New BSc and MSc programs in Civil Engineering
We live in a world where globalization, digitalization and the technological development are moving rapidly, while climate change and environmental challenges are omnipresent and require our attention. With the new bachelor and master programs in civil engineering, SDU will not only rise to these accelerating challenges but also prepare engineers for future challenges.
The Minister for Higher Education and Science has approved a new BSc and MSc program in Civil Engineering. Professor and Head of Unit at SDU Civil and Architectural Engineering, Mikkel K. Kragh, is happy for the approval, which has far-reaching perspectives:
- When the climate changes, the world changes. We must give our students the best possible qualifications to interact with a world that is constantly changing, and that is exactly what these programs do, he says.
The aim of the programs is to enable the students to work in interdisciplinary teams where they can draw on a range of skills, e.g. building design, infrastructure, urban planning and construction processes – always with a holistic approach and with sustainability at the front.
- We live in a world with great challenges and changes. They require engineers of the future to work in new ways. That is why we have created these new programs, and at the same time they provide an amazing opportunity to build a strong research community, which will be reflected in the teaching and consequently in the engineers who are trained in civil engineering, professor Mikkel K. Kragh says.

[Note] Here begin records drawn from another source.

definition rep_maps :: "nat \<Rightarrow> nat \<Rightarrow> nat \<Rightarrow> (nat \<Rightarrow> (nat \<Rightarrow> 'a::field) \<Rightarrow> (nat \<Rightarrow> 'a)) \<Rightarrow> bool" where
  "rep_maps m a b F \<longleftrightarrow> (\<forall>k<m. lin (F k) \<and> F k ` coord_space a \<subseteq> coord_space b)"

definition expanding :: "nat \<Rightarrow> real \<Rightarrow> nat \<Rightarrow> (nat \<Rightarrow> (nat \<Rightarrow> 'a::field) \<Rightarrow> (nat \<Rightarrow> 'a)) \<Rightarrow> bool" where
  "expanding m \<beta> a F \<longleftrightarrow> (\<forall>W. V.subspace W \<longrightarrow> W \<subseteq> coord_space a \<longrightarrow> W \<noteq> {0} \<longrightarrow>
     \<beta> * V.dim W < V.dim (V.span (\<Union>k<m. F k ` W)))"

lemma expanding_coord_space_0: "expanding m \<beta> 0 F"
proof -
  have "W \<subseteq> {0}" if "W \<subseteq> coord_space 0" for W :: "(nat \<Rightarrow> 'a) set"
    using that by (auto simp: coord_space_def fun_eq_iff)
  then show ?thesis
    unfolding expanding_def using V.subspace_0 by blast
qed

lemma expanding_dim_less:
  assumes "expanding m \<beta> a F" "V.subspace W" "W \<subseteq> coord_space a" "W \<noteq> {0}"
    and "V.fin_dim U" "\<And>k. k < m \<Longrightarrow> F k ` W \<subseteq> U"
  shows "\<beta> * V.dim W < V.dim U"
proof -
  have "\<beta> * V.dim W < V.dim (V.span (\<Union>k<m. F k ` W))"
    using assms(1-4) unfolding expanding_def by blast
  moreover have "V.dim (V.span (\<Union>k<m. F k ` W)) \<le> V.dim U"
    using assms(5,6) by (intro V.dim_mono_fin_dim V.span_mono) auto
  ultimately show ?thesis
    by (meson of_nat_le_iff order_less_le_trans)
qed

lemma expanding_kernel:
  assumes "expanding m \<beta> a g" "0 \<le> \<beta>" "\<And>k. k < m \<Longrightarrow> lin (g k)"
    and "x \<in> coord_space a" "\<And>k. k < m \<Longrightarrow> g k x = 0"
  shows "x = 0"
proof (rule ccontr)
  assume "x \<noteq> 0"
  have "V.span {x} \<subseteq> coord_space a"
    using assms(4) by (intro V.span_minimal subspace_coord_space) auto
  moreover have "V.span {x} \<noteq> {0}"
    using \<open>x \<noteq> 0\<close> V.span_base[of x "{x}"] by auto
  moreover have "V.fin_dim {0 :: nat \<Rightarrow> 'a}"
    by (rule exI[of _ "{}"]) simp
  moreover have "g k ` V.span {x} \<subseteq> {0}" if "k < m" for k
    using VP.linear_eq_0_on_span[OF assms(3)[OF that], of "{x}"] assms(5)[OF that] by auto
  ultimately have "\<beta> * V.dim (V.span {x}) < V.dim {0 :: nat \<Rightarrow> 'a}"
    by (rule expanding_dim_less[OF assms(1) V.subspace_span])
  with assms(2) show False
    by (simp add: dim_zero_space mult_less_0_iff)
qed

lemma dim_image_stack_ge:
  assumes g: "expanding m \<beta> \<kappa> g" "0 \<le> \<beta>" "\<And>k. k < m \<Longrightarrow> lin (g k)"
  shows "\<kappa> \<le> V.dim (stack m g ` coord_space \<kappa>)"
proof -
  have "{x \<in> coord_space \<kappa>. stack m g x = 0} \<subseteq> {0}"
  proof safe
    fix x assume x: "x \<in> coord_space \<kappa>" "stack m g x = 0"
    have "g k x = 0" if "k < m" for k
      using get_block_stack[OF that, of g x, symmetric] x(2) by (simp add: get_block_def fun_eq_iff)
    then show "x = 0"
      using expanding_kernel[OF g x(1)] by blast
  qed
  then have "V.dim {x \<in> coord_space \<kappa>. stack m g x = 0} = 0"
    using V.dim_eq_0_fin_dim[OF fin_dim_subset_coord_space[of _ \<kappa>]] by auto
  moreover have "lin (stack m g)"
    by (rule linear_stack[OF g(3)])
  ultimately show ?thesis
    using VP.dim_le_dim_image_plus_dim_kernel[of "stack m g", OF _ subspace_coord_space[of \<kappa>]
        fin_dim_subset_coord_space[OF order.refl]]
    by (simp add: dim_coord_space)
qed

lemma reflection_inequality:
  fixes \<beta> m e s n :: real
  assumes "\<beta> * (m - \<beta>) = 1" "0 \<le> \<beta>" "m * e \<le> s + n" "\<beta> * n < e"
  shows "\<beta> * e < s"
proof -
  have "0 < m - \<beta>"
    using assms(1,2) mult_nonneg_nonpos[of \<beta> "m - \<beta>"] by linarith
  have "n = (\<beta> * (m - \<beta>)) * n"
    using assms(1) by simp
  also have "\<dots> = (m - \<beta>) * (\<beta> * n)"
    by (simp only: ac_simps)
  also have "\<dots> < (m - \<beta>) * e"
    using \<open>0 < m - \<beta>\<close> assms(4) by simp
  finally have "n < (m - \<beta>) * e" .
  moreover have "\<beta> * e = m * e - (m - \<beta>) * e"
    by (simp add: algebra_simps)
  ultimately show ?thesis
    using assms(3) by linarith
qed

lemma dim_reflection_ge:
  assumes "0 < m" and \<Phi>: "lin \<Phi>" "\<Phi> ` coord_space (m * a) \<subseteq> coord_space b"
    and U: "V.subspace U" "U \<subseteq> coord_space a"
  shows "m * V.dim U \<le> V.dim (V.span (\<Union>k<m. (\<Phi> \<circ> put_block m k) ` U))
           + V.dim {v \<in> coord_space (m * a). (\<forall>k<m. get_block m k v \<in> U) \<and> \<Phi> v = 0}"
proof -
  define P where "P = {v \<in> coord_space (m * a). \<forall>k<m. get_block m k v \<in> U}"
  define S where "S = V.span (\<Union>k<m. (\<Phi> \<circ> put_block m k) ` U)"
  have P: "V.subspace P" "P \<subseteq> coord_space (m * a)"
    unfolding P_def using VP.subspace_common_preimage[OF U(1) subspace_coord_space linear_get_block]
    by auto
  have "\<Phi> v \<in> S" if "v \<in> P" for v
  proof -
    have "\<Phi> v = \<Phi> (\<Sum>k<m. put_block m k (get_block m k v))"
      by (simp add: sum_put_get_block[OF \<open>0 < m\<close>])
    also have "\<dots> = (\<Sum>k<m. (\<Phi> \<circ> put_block m k) (get_block m k v))"
      by (simp add: VP.linear_sum[OF \<Phi>(1)])
    also have "\<dots> \<in> S"
      unfolding S_def using that by (intro V.span_sum V.span_base) (auto simp: P_def)
    finally show ?thesis .
  qed
  then have "\<Phi> ` P \<subseteq> V.span S"
    using V.span_superset by blast
  moreover have "S \<subseteq> coord_space b"
    unfolding S_def
  proof (intro V.span_minimal subspace_coord_space, safe)
    fix k u assume "k < m" "u \<in> U"
    then have "put_block m k u \<in> coord_space (m * a)"
      using U(2) by (intro put_block_in_coord_space) auto
    then show "(\<Phi> \<circ> put_block m k) u \<in> coord_space b"
      using \<Phi>(2) by auto
  qed
  ultimately have "V.dim (\<Phi> ` P) \<le> V.dim S"
    by (intro V.dim_mono_fin_dim fin_dim_subset_coord_space)
  moreover have "m * V.dim U \<le> V.dim P"
    unfolding P_def by (rule dim_block_power_ge[OF U])
  moreover have "V.dim P \<le> V.dim (\<Phi> ` P)
      + V.dim {v \<in> coord_space (m * a). (\<forall>k<m. get_block m k v \<in> U) \<and> \<Phi> v = 0}"
    using VP.dim_le_dim_image_plus_dim_kernel[OF \<Phi>(1) P(1) fin_dim_subset_coord_space[OF P(2)]]
    by (simp add: P_def conj_assoc)
  ultimately show ?thesis
    unfolding S_def by linarith
qed

lemma dim_reflection_kernel_less:
  assumes \<beta>: "0 \<le> \<beta>" and g: "rep_maps m \<kappa> a g" "expanding m \<beta> \<kappa> g"
    and ker: "\<And>v. v \<in> coord_space (m * a) \<Longrightarrow> \<Phi> v = 0 \<Longrightarrow> v \<in> stack m g ` coord_space \<kappa>"
    and U: "V.subspace U" "U \<subseteq> coord_space a" "U \<noteq> {0}"
  shows "\<beta> * V.dim {v \<in> coord_space (m * a). (\<forall>k<m. get_block m k v \<in> U) \<and> \<Phi> v = 0} < V.dim U"
proof -
  define N where "N = {v \<in> coord_space (m * a). (\<forall>k<m. get_block m k v \<in> U) \<and> \<Phi> v = 0}"
  define W where "W = {x \<in> coord_space \<kappa>. \<forall>k<m. g k x \<in> U}"
  have g_lin: "\<And>k. k < m \<Longrightarrow> lin (g k)"
    using g(1) by (simp add: rep_maps_def)
  have W: "V.subspace W" "W \<subseteq> coord_space \<kappa>"
    unfolding W_def using VP.subspace_common_preimage[OF U(1) subspace_coord_space g_lin] by auto
  have stack_W: "stack m g ` W \<subseteq> coord_space (m * a)"
    using W(2) g(1) by (auto simp: rep_maps_def intro!: stack_in_coord_space)
  have "N \<subseteq> stack m g ` W"
  proof
    fix v assume v: "v \<in> N"
    then obtain x where "x \<in> coord_space \<kappa>" "v = stack m g x"
      using ker by (auto simp: N_def)
    with v show "v \<in> stack m g ` W"
      by (auto simp: N_def W_def get_block_stack)
  qed
  then have "V.dim N \<le> V.dim (stack m g ` W)"
    by (rule V.dim_mono_fin_dim[OF subset_trans[OF _ V.span_superset] fin_dim_subset_coord_space[OF stack_W]])
  also have "\<dots> \<le> V.dim W"
    by (rule VP.dim_image_le_fin_dim[OF linear_stack[OF g_lin] fin_dim_subset_coord_space[OF W(2)]])
  finally have "\<beta> * V.dim N \<le> \<beta> * V.dim W"
    using \<beta> by (simp add: mult_left_mono)
  also have "\<beta> * V.dim W < V.dim U"
  proof (cases "W = {0}")
    case True
    have "\<not> U \<subseteq> {0}"
      using U(3) V.subspace_0[OF U(1)] by auto
    then have "V.dim U \<noteq> 0"
      using V.dim_eq_0_fin_dim[OF fin_dim_subset_coord_space[OF U(2)]] by simp
    then show ?thesis
      using True by (simp add: dim_zero_space)
  next
    case False
    show ?thesis
      by (rule expanding_dim_less[OF g(2) W False fin_dim_subset_coord_space[OF U(2)]])
        (auto simp: W_def)
  qed
  finally show ?thesis
    unfolding N_def .
qed

lemma expanding_reflection:
  assumes \<beta>: "\<beta> * (real m - \<beta>) = 1" "0 \<le> \<beta>" and "0 < m"
    and g: "rep_maps m \<kappa> a g" "expanding m \<beta> \<kappa> g"
    and \<Phi>: "lin \<Phi>" "\<Phi> ` coord_space (m * a) \<subseteq> coord_space b"
    and ker: "\<And>v. v \<in> coord_space (m * a) \<Longrightarrow> \<Phi> v = 0 \<Longrightarrow> v \<in> stack m g ` coord_space \<kappa>"
  shows "expanding m \<beta> a (\<lambda>k. \<Phi> \<circ> put_block m k)"
  unfolding expanding_def
proof (intro allI impI)
  fix U :: "(nat \<Rightarrow> 'a) set" assume U: "V.subspace U" "U \<subseteq> coord_space a" "U \<noteq> {0}"
  let ?S = "V.span (\<Union>k<m. (\<Phi> \<circ> put_block m k) ` U)"
  let ?N = "{v \<in> coord_space (m * a). (\<forall>k<m. get_block m k v \<in> U) \<and> \<Phi> v = 0}"
  have "real (m * V.dim U) \<le> real (V.dim ?S + V.dim ?N)"
    by (rule of_nat_mono[OF dim_reflection_ge[OF \<open>0 < m\<close> \<Phi> U(1,2)]])
  then have "real m * V.dim U \<le> real (V.dim ?S) + real (V.dim ?N)"
    by simp
  then show "\<beta> * V.dim U < V.dim ?S"
    by (rule reflection_inequality[OF \<beta> _ dim_reflection_kernel_less[OF \<beta>(2) g ker U]])
qed

lemma expanding_step:
  fixes g :: "nat \<Rightarrow> (nat \<Rightarrow> 'a::field) \<Rightarrow> (nat \<Rightarrow> 'a)"
  assumes \<beta>: "\<beta> * (real m - \<beta>) = 1" "0 \<le> \<beta>" and "0 < m"
    and g: "rep_maps m \<kappa> a g" "expanding m \<beta> \<kappa> g" and "m * a \<le> \<kappa> + b"
  shows "\<exists>F :: nat \<Rightarrow> (nat \<Rightarrow> 'a) \<Rightarrow> (nat \<Rightarrow> 'a). rep_maps m a b F \<and> expanding m \<beta> a F"
proof -
  have g_lin: "\<And>k. k < m \<Longrightarrow> lin (g k)"
    using g(1) by (simp add: rep_maps_def)
  define K where "K = stack m g ` coord_space \<kappa>"
  have K: "V.subspace K" "K \<subseteq> coord_space (m * a)"
    unfolding K_def using VP.linear_subspace_image[OF linear_stack[OF g_lin] subspace_coord_space] g(1)
    by (auto simp: rep_maps_def image_subset_iff intro!: stack_in_coord_space)
  have "\<kappa> \<le> V.dim K"
    unfolding K_def by (rule dim_image_stack_ge[OF g(2) \<beta>(2) g_lin])
  with \<open>m * a \<le> \<kappa> + b\<close> have "m * a \<le> V.dim K + b"
    by linarith
  then obtain \<Phi> where \<Phi>: "lin \<Phi>" "\<Phi> ` coord_space (m * a) \<subseteq> coord_space b"
    "\<And>v. v \<in> coord_space (m * a) \<Longrightarrow> \<Phi> v = 0 \<Longrightarrow> v \<in> K"
    using linear_map_with_kernel_in[OF K] by metis
  have "rep_maps m a b (\<lambda>k. \<Phi> \<circ> put_block m k)"
    unfolding rep_maps_def
  proof (intro allI impI conjI)
    fix k assume "k < m"
    show "lin (\<Phi> \<circ> put_block m k)"
      by (rule Vector_Spaces.linear_compose[OF linear_put_block \<Phi>(1)])
    show "(\<Phi> \<circ> put_block m k) ` coord_space a \<subseteq> coord_space b"
      using put_block_in_coord_space[OF \<open>k < m\<close>] \<Phi>(2) by (auto simp: image_subset_iff)
  qed
  moreover have "expanding m \<beta> a (\<lambda>k. \<Phi> \<circ> put_block m k)"
    using expanding_reflection[OF \<beta> \<open>0 < m\<close> g \<Phi>(1,2)] \<Phi>(3) by (simp add: K_def)
  ultimately show ?thesis
    by blast
qed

”We will be drawing on SDU’s strengths in robotics, and the students will also learn about digitalization and urban resilience
Important interdisciplinarity
At SDU, education and research form an inseparable partnership, not just as two parallels but as a unity with mutual interaction between research activities and teaching of the newest knowledge. The new programs in civil engineering will draw on several fields where SDU are important players.
- We will be drawing on SDU’s strengths in robotics, and the students will also learn about digitalization and urban resilience – meaning the impact of climate and social changes on urban areas – and how this can be transferred to the architecture and building design of the future, professor Mikkel K. Kragh says.
To put it briefly, the purpose of the programs is to train civil engineers who can combine knowledge and skills on construction with special skills in sustainability and digital construction.
The programs accept students from fall 2020, and it is expected that around 40-50 people will apply.